From the entries, return every line where the string "obtain" shows up.
*** Records for this task ***
text \<open>
  An invariant mean yields Folner sets, and Folner sets of a cancellative monoid yield sofic
  approximations: on a finite F that few points leave under each k \<in> K, let k act by left
  multiplication (right division in the right amenable case), sending the points that leave F
  to a fixed base point. The result is multiplicative and unital outside the few stuck points,
  and cancellation makes different k disagree wherever neither is stuck.

  Folner sets come from the mean by a minimax argument. For l \<in> [0,1]^(K \<times> M) the defect
  z \<mapsto> \<Sum>k. l(k,z) - (push-forward of l(k,-) along k)(z) has mean zero, so it is below \<epsilon>
  somewhere. Compactness of the cube and Kneser's minimax theorem give one probability vector p
  on finitely many points with \<Sum>z. p z * defect z l \<le> \<epsilon> for all l; taking l the indicator
  of p x > p (k x) yields \<Sum>k. \<Sum>x. max 0 (p x - p (k x)) \<le> \<epsilon>, and by Namioka's trick one of
  the level sets of p is a Folner set.
\<close>

definition hamming_on :: "'b set \<Rightarrow> ('b \<Rightarrow> 'b) \<Rightarrow> ('b \<Rightarrow> 'b) \<Rightarrow> real" where
  "hamming_on X f g = real (card {x\<in>X. f x \<noteq> g x}) / real (card X)"

lemma hamming_eq_hamming_on: "hamming = hamming_on"
  unfolding hamming_def hamming_on_def by (intro ext) simp

lemma hamming_on_le:
  assumes "finite X" "X \<noteq> {}" "real (card {x\<in>X. f x \<noteq> g x}) \<le> e * real (card X)"
  shows "hamming_on X f g \<le> e"
  using assms unfolding hamming_on_def by (simp add: divide_le_eq card_gt_0_iff)

lemma hamming_on_ge:
  assumes "finite X" "X \<noteq> {}" "e * real (card X) \<le> real (card {x\<in>X. f x \<noteq> g x})"
  shows "e \<le> hamming_on X f g"
  using assms unfolding hamming_on_def by (simp add: le_divide_eq card_gt_0_iff)

lemma hamming_on_cong:
  assumes "\<And>x. x \<in> X \<Longrightarrow> f x = f' x" "\<And>x. x \<in> X \<Longrightarrow> g x = g' x"
  shows "hamming_on X f g = hamming_on X f' g'"
  unfolding hamming_on_def using assms by (metis (no_types, lifting) Collect_cong)

lemma hamming_on_conjugate:
  assumes h: "bij_betw h F X" and "f ` F \<subseteq> F" "g ` F \<subseteq> F"
  shows "hamming_on X (\<lambda>j. h (f (inv_into F h j))) (\<lambda>j. h (g (inv_into F h j))) = hamming_on F f g"
proof -
  have inj: "inj_on h F" using h by (rule bij_betw_imp_inj_on)
  have "{j\<in>X. h (f (inv_into F h j)) \<noteq> h (g (inv_into F h j))} = h ` {x\<in>F. f x \<noteq> g x}"
  proof (intro equalityI subsetI)
    fix j assume j: "j \<in> {j\<in>X. h (f (inv_into F h j)) \<noteq> h (g (inv_into F h j))}"
    then have "inv_into F h j \<in> F" "h (inv_into F h j) = j"
      using bij_betw_inv_into_right[OF h] inv_into_into h unfolding bij_betw_def by force+
    then show "j \<in> h ` {x\<in>F. f x \<noteq> g x}" using j by force
  next
    fix j assume "j \<in> h ` {x\<in>F. f x \<noteq> g x}"
    then obtain x where "x \<in> F" "f x \<noteq> g x" "j = h x" by blast
    then show "j \<in> {j\<in>X. h (f (inv_into F h j)) \<noteq> h (g (inv_into F h j))}"
      using assms inj bij_betw_apply[OF h] by (auto simp: inv_into_f_f inj_on_eq_iff image_subset_iff)
  qed
  moreover have "card (h ` {x\<in>F. f x \<noteq> g x}) = card {x\<in>F. f x \<noteq> g x}"
    using inj by (intro card_image) (auto intro: inj_on_subset)
  ultimately show ?thesis unfolding hamming_on_def using bij_betw_same_card[OF h] by simp
qed

definition sofic_approx :: "'b set \<Rightarrow> ('m::monoid_mult \<Rightarrow> 'b \<Rightarrow> 'b) \<Rightarrow> 'm set \<Rightarrow> real \<Rightarrow> bool" where
  "sofic_approx X \<phi> K \<epsilon> \<longleftrightarrow> finite X \<and> X \<noteq> {} \<and> (\<forall>a. \<phi> a ` X \<subseteq> X) \<and>
     (\<forall>k1\<in>K. \<forall>k2\<in>K. hamming_on X (\<phi> (k1 * k2)) (\<phi> k1 \<circ> \<phi> k2) \<le> \<epsilon>) \<and>
     hamming_on X (\<phi> 1) id \<le> \<epsilon> \<and>
     (\<forall>k1\<in>K. \<forall>k2\<in>K. k1 \<noteq> k2 \<longrightarrow> 1 - \<epsilon> \<le> hamming_on X (\<phi> k1) (\<phi> k2))"

lemma sofic_iff_sofic_approx:
  "sofic TYPE('m::monoid_mult) \<longleftrightarrow>
     (\<forall>(K::'m set) \<epsilon>. finite K \<longrightarrow> \<epsilon> > 0 \<longrightarrow> (\<exists>(X::nat set) \<phi>. sofic_approx X \<phi> K \<epsilon>))"
  unfolding sofic_def sofic_approx_def hamming_eq_hamming_on by simp

lemma sofic_approx_to_nat:
  assumes "sofic_approx F \<phi> K \<epsilon>"
  shows "\<exists>(X::nat set) \<psi>. sofic_approx X \<psi> K \<epsilon>"
proof -
  have F: "finite F" "F \<noteq> {}" "\<And>a. \<phi> a ` F \<subseteq> F" using assms unfolding sofic_approx_def by auto
  obtain h where h: "bij_betw h F {0..<card F}" using ex_bij_betw_finite_nat[OF F(1)] by blast
  define X where "X = {0..<card F}"
  define conj where "conj f = (\<lambda>j. h (f (inv_into F h j)))" for f
  have \<phi>F: "\<phi> a x \<in> F" if "x \<in> F" for a x using F(3) that by blast
  have h_inv: "inv_into F h j \<in> F" "h (inv_into F h j) = j" if "j \<in> X" for j
    using that h unfolding X_def by (auto simp: bij_betw_inv_into_right bij_betw_def inv_into_into)
  have ham: "hamming_on X (conj f) (conj g) = hamming_on F f g" if "f ` F \<subseteq> F" "g ` F \<subseteq> F" for f g
    unfolding conj_def X_def using h that by (rule hamming_on_conjugate)
  have "hamming_on X (conj (\<phi> (k1 * k2))) (conj (\<phi> k1) \<circ> conj (\<phi> k2))
      = hamming_on X (conj (\<phi> (k1 * k2))) (conj (\<phi> k1 \<circ> \<phi> k2))" for k1 k2
    using \<phi>F h_inv by (intro hamming_on_cong) (auto simp: conj_def bij_betw_inv_into_left[OF h])
  moreover have "hamming_on X (conj (\<phi> 1)) id = hamming_on X (conj (\<phi> 1)) (conj id)"
    using h_inv by (intro hamming_on_cong) (auto simp: conj_def)
  moreover have "conj f ` X \<subseteq> X" if "f ` F \<subseteq> F" for f
    using that h_inv bij_betw_apply[OF h] unfolding conj_def X_def by (auto simp: image_subset_iff)
  ultimately have "sofic_approx X (\<lambda>a. conj (\<phi> a)) K \<epsilon>"
    using assms F h unfolding sofic_approx_def X_def
    by (simp add: ham[unfolded X_def] image_subset_iff comp_def)
  then show ?thesis by blast
qed

text \<open>R a x y says that a moves x to y. Left multiplication y = a * x and right division
  y * a = x are instances; right multiplication is not, since it reverses products.\<close>

locale free_partial_action =
  fixes R :: "'m::monoid_mult \<Rightarrow> 'b \<Rightarrow> 'b \<Rightarrow> bool"
  assumes functional: "R a x y \<Longrightarrow> R a x y' \<Longrightarrow> y = y'"
    and compose: "R b x y \<Longrightarrow> R a y z \<Longrightarrow> R (a * b) x z"
    and decompose: "R b x y \<Longrightarrow> R (a * b) x z \<Longrightarrow> R a y z"
    and unit: "R 1 x x"
    and free: "R a x y \<Longrightarrow> R b x y \<Longrightarrow> a = b"
begin

definition stuck :: "'b set \<Rightarrow> 'm \<Rightarrow> 'b set" where
  "stuck F a = {x\<in>F. \<not> (\<exists>y\<in>F. R a x y)}"

definition confine :: "'b set \<Rightarrow> 'b \<Rightarrow> 'm \<Rightarrow> 'b \<Rightarrow> 'b" where
  "confine F x0 a x = (if \<exists>y\<in>F. R a x y then THE y. y \<in> F \<and> R a x y else x0)"

lemma confine_eq: "y \<in> F \<Longrightarrow> R a x y \<Longrightarrow> confine F x0 a x = y"
  unfolding confine_def by (auto intro!: the_equality dest: functional)

lemma confine_stuck: "\<not> (\<exists>y\<in>F. R a x y) \<Longrightarrow> confine F x0 a x = x0"
  unfolding confine_def by simp

lemma confine_in: "x0 \<in> F \<Longrightarrow> confine F x0 a x \<in> F"
  using confine_eq confine_stuck by metis

lemma confine_mult_mismatch:
  "{x\<in>F. confine F x0 (a * b) x \<noteq> confine F x0 a (confine F x0 b x)} \<subseteq> stuck F b"
proof (intro subsetI)
  fix x assume x: "x \<in> {x\<in>F. confine F x0 (a * b) x \<noteq> confine F x0 a (confine F x0 b x)}"
  show "x \<in> stuck F b"
  proof (rule ccontr)
    assume "x \<notin> stuck F b"
    then obtain y where y: "y \<in> F" "R b x y" using x unfolding stuck_def by auto
    have "confine F x0 (a * b) x = confine F x0 a y"
    proof (cases "\<exists>z\<in>F. R a y z")
      case True
      then show ?thesis using y compose confine_eq by metis
    next
      case False
      then have "\<not> (\<exists>z\<in>F. R (a * b) x z)" using y decompose by blast
      then show ?thesis using False confine_stuck by metis
    qed
    then show False using x y confine_eq by auto
  qed
qed

lemma confine_agree:
  assumes "a \<noteq> b"
  shows "{x\<in>F. confine F x0 a x = confine F x0 b x} \<subseteq> stuck F a \<union> stuck F b"
proof (intro subsetI)
  fix x assume x: "x \<in> {x\<in>F. confine F x0 a x = confine F x0 b x}"
  show "x \<in> stuck F a \<union> stuck F b"
  proof (rule ccontr)
    assume "x \<notin> stuck F a \<union> stuck F b"
    then obtain y z where "y \<in> F" "R a x y" "z \<in> F" "R b x z" using x unfolding stuck_def by auto
    moreover from this have "y = z" using x confine_eq by auto
    ultimately show False using assms free by blast
  qed
qed

text \<open>Composition errors lie in one stuck set and separation failures in the union of two,
  hence the bound \<epsilon> / 2.\<close>

lemma sofic_approx_confine:
  assumes F: "finite F" "x0 \<in> F" and "\<epsilon> > 0"
    and stuck_small: "\<And>k. k \<in> K \<Longrightarrow> real (card (stuck F k)) \<le> \<epsilon> / 2 * real (card F)"
  shows "sofic_approx F (confine F x0) K \<epsilon>"
proof -
  have ne: "F \<noteq> {}" using F by blast
  have fin_stuck: "finite (stuck F k)" for k using F unfolding stuck_def by simp
  have mult: "hamming_on F (confine F x0 (k1 * k2)) (confine F x0 k1 \<circ> confine F x0 k2) \<le> \<epsilon>"
    if "k2 \<in> K" for k1 k2
  proof (rule hamming_on_le[OF F(1) ne])
    have "card {x\<in>F. confine F x0 (k1 * k2) x \<noteq> (confine F x0 k1 \<circ> confine F x0 k2) x}
        \<le> card (stuck F k2)"
      using confine_mult_mismatch fin_stuck by (simp add: card_mono)
    then show "real (card {x\<in>F. confine F x0 (k1 * k2) x \<noteq> (confine F x0 k1 \<circ> confine F x0 k2) x})
        \<le> \<epsilon> * real (card F)"
      using stuck_small[OF that] \<open>\<epsilon> > 0\<close> mult_right_mono[of "\<epsilon> / 2" \<epsilon> "real (card F)"]
      by linarith
  qed
  have "card {x\<in>F. confine F x0 1 x \<noteq> id x} = 0" using F(1) confine_eq unit by auto
  then have one: "hamming_on F (confine F x0 1) id \<le> \<epsilon>"
    using \<open>\<epsilon> > 0\<close> by (intro hamming_on_le[OF F(1) ne]) simp
  have sep: "1 - \<epsilon> \<le> hamming_on F (confine F x0 k1) (confine F x0 k2)"
    if "k1 \<in> K" "k2 \<in> K" "k1 \<noteq> k2" for k1 k2
  proof (rule hamming_on_ge[OF F(1) ne])
    let ?A = "{x\<in>F. confine F x0 k1 x \<noteq> confine F x0 k2 x}"
    let ?B = "{x\<in>F. confine F x0 k1 x = confine F x0 k2 x}"
    have "card ?B \<le> card (stuck F k1 \<union> stuck F k2)"
      using confine_agree[OF that(3)] fin_stuck by (intro card_mono) auto
    also have "\<dots> \<le> card (stuck F k1) + card (stuck F k2)" by (rule card_Un_le)
    finally have "real (card ?B) \<le> \<epsilon> * real (card F)"
      using stuck_small[OF that(1)] stuck_small[OF that(2)] by linarith
    moreover have "card F = card (?A \<union> ?B)" by (rule arg_cong[where f = card]) auto
    moreover have "card (?A \<union> ?B) = card ?A + card ?B" using F(1) by (intro card_Un_disjoint) auto
    ultimately show "(1 - \<epsilon>) * real (card F) \<le> real (card ?A)" by (simp add: algebra_simps)
  qed
  show ?thesis
    unfolding sofic_approx_def using F ne mult one sep confine_in by (auto simp: image_subset_iff)
qed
***
▶ _Answer area_
    then obtain x where "x \<in> F" "f x \<noteq> g x" "j = h x" by blast
  obtain h where h: "bij_betw h F {0..<card F}" using ex_bij_betw_finite_nat[OF F(1)] by blast
    then obtain y where y: "y \<in> F" "R b x y" using x unfolding stuck_def by auto
    then obtain y z where "y \<in> F" "R a x y" "z \<in> F" "R b x z" using x unfolding stuck_def by auto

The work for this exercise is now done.